Archives

JONATHAN ABERNATHY YOU ARE KIND

Jonathan Abernathy is a loser . . . he’s behind on his debts, he has no prospects, no friends, no ambitions. But when a government loan forgiveness program offers him a literal dream job, he thinks he’s found his big break. If he can appear to be competent at his new job, entering the minds of middle-class workers while they sleep and removing the unsavory detritus of their waking lives from their unconscious, he might have a chance at a new life. As Abernathy finds his footing in this new role, reality and morality begin to warp around him. Soon, the lines between life and work, love and hate, right and wrong, even sleep and consciousness, begin to blur.

We Are a Haunting

We Are a Haunting follows three generations of a working class family and their inherited ghosts: a story of hope and transformation. In 1980’s Brooklyn, Key is enchanted with her world, glowing with her dreams. A charming and tender doula serving the Black women of her East New York neighborhood, she lives, like her mother, among the departed and learns to speak to and for them. Her untimely death leaves behind her mother Audrey, who is on the verge of losing the public housing apartment they once shared. Colly, Key’s grieving son, soon learns that he too has inherited this sacred gift and begins to slip into the liminal space between the living and the dead on his journey to self-realization. A supernatural family saga, a searing social critique, and a lyrical and potent account of displaced lives, We Are a Haunting unravels the threads connecting the past, present, and future, and depicts the palpable, breathing essence of the neglected corridors of a pulsing city with pathos and poise.

Bad Fruit

For fans of My Dark Vanessa and Celeste Ng, Bad Fruit is an unforgettable portrayal of a toxic mother-daughter relationship and a young woman’s search for truth and liberation.

Just graduated from high school and waiting to start college at Oxford, Lily lives under the scrutiny of her volatile Singaporean mother, May, and is unable to find kinship with her elusive British father, Charlie. When May suspects that Charlie is having an affair, there’s only one thing that calms May down: a glass of perfectly spoiled orange juice served by Lily, who must always taste it first to make sure it’s just right.

As her mother becomes increasingly unhinged, Lily starts to have flashbacks that she knows aren’t her own. Over a sweltering London summer, all semblance of civility and propriety is lost, as Lily begins to unravel the harrowing history that has always cast a shadow on her mother. The horrifying secrets she uncovers will shake her family to its core, culminating in a shattering revelation that will finally set Lily free.

Beautiful and shocking, Bad Fruit is as compulsive as it is thought-provoking, as nuanced as it is explosive. A masterful exploration of mothers and daughters, inherited trauma and the race to break its devastating cycle, Bad Fruit will leave readers breathlessly questioning their own notions of femininity, race and redemption.

Home Bound

A multifaceted globe-spanning exploration of identity, family, belonging, and the meaning of home.

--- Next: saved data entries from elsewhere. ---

lemma mp_residual_norm_le:
  assumes "is_mp_pinv A P"
  shows "norm ((mat 1 - A ** P) *v z) \<le> norm z"
proof (rule symmetric_idempotent_norm_le)
  have "transpose (mat 1 - A ** P) = mat 1 - transpose (A ** P)"
    by (simp add: transpose_def mat_def vec_eq_iff)
  then show "transpose (mat 1 - A ** P) = mat 1 - A ** P"
    using assms by (simp add: is_mp_pinv_def)
  show "(mat 1 - A ** P) ** (mat 1 - A ** P) = mat 1 - A ** P"
    using is_mp_pinv_apply[OF assms]
    by (simp add: matrix_eq matrix_vector_mult_diff_rdistrib matrix_vector_mult_diff_distrib
        flip: matrix_vector_mul_assoc)
qed

lemma norm_le_sigma_max: "norm (A *v x) \<le> sigma_max A * norm x"
  unfolding sigma_max_def by (rule onorm[OF matrix_vector_mul_bounded_linear])

lemma sigma_max_nonneg: "0 \<le> sigma_max A"
  unfolding sigma_max_def by (rule onorm_pos_le[OF matrix_vector_mul_bounded_linear])

lemma sigma_min_nonneg: "0 \<le> sigma_min A"
  unfolding sigma_min_def
proof (rule cInf_greatest)
  show "(\<lambda>x. norm (A *v x)) ` {x. norm x = 1} \<noteq> {}"
    using norm_axis_1 by blast
qed auto

lemma sigma_min_mult_norm_le: "sigma_min A * norm x \<le> norm (A *v x)"
proof (cases "x = 0")
  case False
  then have "sigma_min A \<le> norm (A *v (x /\<^sub>R norm x))"
    unfolding sigma_min_def by (intro cInf_lower bdd_belowI[where m = 0]) auto
  also have "\<dots> = norm (A *v x) / norm x"
    by (simp add: matrix_vector_mult_scaleR divide_inverse_commute)
  finally show ?thesis using False by (simp add: pos_le_divide_eq)
qed simp

lemma norm_le_SUP_sigma_max:
  assumes "bdd_above (range (\<lambda>w. sigma_max (Psi w)))"
  shows "norm (Psi w *v x) \<le> (SUP w. sigma_max (Psi w)) * norm x"
  using norm_le_sigma_max mult_right_mono[OF cSUP_upper[OF UNIV_I assms] norm_ge_zero]
  by (rule order_trans)

lemma SUP_sigma_max_nonneg:
  assumes "bdd_above (range (\<lambda>w. sigma_max (Psi w)))"
  shows "0 \<le> (SUP w. sigma_max (Psi w))"
  using order_trans[OF sigma_max_nonneg cSUP_upper[OF UNIV_I assms]] by blast

lemma INF_sigma_min_le:
  "(INF w. sigma_min (Psi w)) \<le> sigma_min (Psi w)"
  by (rule cINF_lower) (auto intro: bdd_belowI[where m = 0] sigma_min_nonneg)

lemma sigma_min_mp_residual_mult_norm_le:
  assumes "is_mp_pinv A P"
  shows "sigma_min ((mat 1 - A ** P) ** B) * norm w \<le> norm (A *v x + B *v w)"
proof -
  have "(mat 1 - A ** P) *v (A *v x) = 0"
    using is_mp_pinv_apply[OF assms]
    by (simp add: matrix_vector_mult_diff_rdistrib flip: matrix_vector_mul_assoc)
  then have "(mat 1 - A ** P) *v (A *v x + B *v w) = ((mat 1 - A ** P) ** B) *v w"
    by (simp add: matrix_vector_right_distrib matrix_vector_mul_assoc)
  then show ?thesis
    using sigma_min_mult_norm_le mp_residual_norm_le[OF assms] by (metis order_trans)
qed

lemma norm_perturbed_matrix_vector_le:
  assumes "norm u \<le> L1 * r" "norm v \<le> L2 * r" "\<alpha> * r \<le> norm z"
    and "\<alpha> > 0" "0 \<le> L1" "0 \<le> L2"
  shows "norm (S *v (z - u) + v) \<le> ((1 + L1 / \<alpha>) * sigma_max S + L2 / \<alpha>) * norm z"
proof -
  have r: "r \<le> norm z / \<alpha>" using assms(3,4) by (simp add: pos_le_divide_eq mult.commute)
  have "norm (S *v (z - u) + v) \<le> sigma_max S * (norm z + norm u) + norm v"
    using norm_le_sigma_max[of S "z - u"] norm_triangle_ineq4[of z u] sigma_max_nonneg[of S]
    by (smt (verit) mult_left_mono norm_triangle_ineq)
  also have "\<dots> \<le> sigma_max S * norm z + (sigma_max S * L1 + L2) * r"
    using assms(1,2) sigma_max_nonneg[of S] mult_left_mono[OF assms(1), of "sigma_max S"]
    by (simp add: algebra_simps)
  also have "\<dots> \<le> sigma_max S * norm z + (sigma_max S * L1 + L2) * (norm z / \<alpha>)"
    using r assms(5,6) sigma_max_nonneg[of S] by (intro add_left_mono mult_left_mono) auto
  also have "\<dots> = ((1 + L1 / \<alpha>) * sigma_max S + L2 / \<alpha>) * norm z"
    by (simp add: algebra_simps)
  finally show ?thesis .
qed

theorem lemma3:
  fixes M1 :: "real^'d^'a" and M2 :: "real^'d^'b"
    and Psi1 :: "real^'s \<Rightarrow> real^'s^'a" and Psi2 :: "real^'s \<Rightarrow> real^'s^'b"
    and X :: "real^'d" and w :: "real^'s"
    and Z1 :: "real^'a" and Z2 :: "real^'b" and L1 L2 \<alpha> :: real
  defines "Z1 \<equiv> M1 *v X + Psi1 w *v w"
    and "Z2 \<equiv> M2 *v X + Psi2 w *v w"
    and "L1 \<equiv> (SUP w'. sigma_max (Psi1 w'))"
    and "L2 \<equiv> (SUP w'. sigma_max (Psi2 w'))"
    and "\<alpha> \<equiv> (INF w'. sigma_min ((mat 1 - M1 ** mp_pinv M1) ** Psi1 w'))"
  assumes L1_fin: "bdd_above (range (\<lambda>w'. sigma_max (Psi1 w')))"
    and L2_fin: "bdd_above (range (\<lambda>w'. sigma_max (Psi2 w')))"
    and null: "{x. M1 *v x = 0} \<subseteq> {x. M2 *v x = 0}"
  shows "(w = 0 \<longrightarrow> norm Z2 \<le> sigma_max (M2 ** mp_pinv M1) * norm Z1) \<and>
         (\<alpha> > 0 \<longrightarrow> norm Z2 \<le> ((1 + L1 / \<alpha>) * sigma_max (M2 ** mp_pinv M1) + L2 / \<alpha>) * norm Z1)"
proof (intro conjI impI)
  let ?P = "mp_pinv M1"
  have Z2_eq: "Z2 = (M2 ** ?P) *v (Z1 - Psi1 w *v w) + Psi2 w *v w"
    using is_mp_pinv_factor[OF is_mp_pinv_mp_pinv null]
    by (simp add: Z1_def Z2_def matrix_vector_mul_assoc)
  show "norm Z2 \<le> sigma_max (M2 ** ?P) * norm Z1" if "w = 0"
    using Z2_eq that by (simp add: norm_le_sigma_max)
  assume "\<alpha> > 0"
  have w_bound: "\<alpha> * norm w \<le> norm Z1"
    unfolding Z1_def \<alpha>_def
    by (rule order_trans[OF mult_right_mono[OF INF_sigma_min_le[of _ w] norm_ge_zero]
          sigma_min_mp_residual_mult_norm_le[OF is_mp_pinv_mp_pinv]])
  show "norm Z2 \<le> ((1 + L1 / \<alpha>) * sigma_max (M2 ** ?P) + L2 / \<alpha>) * norm Z1"
    unfolding Z2_eq L1_def L2_def
    using norm_le_SUP_sigma_max[OF L1_fin] norm_le_SUP_sigma_max[OF L2_fin] w_bound \<open>\<alpha> > 0\<close>
      SUP_sigma_max_nonneg[OF L1_fin] SUP_sigma_max_nonneg[OF L2_fin]
    by (rule norm_perturbed_matrix_vector_le)
qed

end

In this singular and intimate memoir of identity and discovery, Vanessa A. Bee explores the way we define “home” and “belonging” from her birth in Yaoundé, Cameroon, to her adoption by her aunt and her aunt’s white French husband, to experiencing housing insecurity in Europe and her eventual immigration to the US. After her parents’ divorce, Vanessa traveled with her mother to Lyon and later to London, eventually settling in Reno, Nevada, as a teenager, right around the financial crisis and the collapse of the housing market. At twenty, still a practicing evangelical Christian and newly married, Vanessa applied to and was accepted by Harvard Law School, where she was one of the youngest members of her class. There, she forged a new belief system, divorced her husband, left the church, and, inspired by her tumultuous childhood, pursued a career in economic justice upon graduation.

Vanessa’s adoptive, multiracial, multilingual, multinational, and transcontinental upbringing has caused her to grapple for years with foundational questions such as: What is home? Is it the country we’re born in, the body we possess, or the name we were given and that identifies us? Is it the house we remember most fondly, the social status assigned to us, or the ideology we forge? What defines us and makes us uniquely who we are?

Organized unconventionally around her own dictionary-style definitions of the word “home,” Vanessa tackles these timeless questions thematically and unpacks the many layers that contribute to and condition our understanding of ourselves and of our place in the world.

The Town of Babylon

When his father falls ill, Andres, a gay Latinx professor of public health, returns to his suburban hometown to tend to his father’s recovery. Reevaluating his rocky marriage in the wake of his husband’s infidelity and with little else to do, he decides to attend his twenty-year high school reunion, where he runs into the long-lost characters of his youth. During this short stay, Andres confronts these relationships, the death of his brother, and the many sacrifices his parents made to offer him a better life. A novel about the essential nature of community in maintaining one’s own health, The Town of Babylon is an intimate portrait of queer, racial, and class identity, a call to reevaluate the ties of societal bonds and the systems in which they are forged.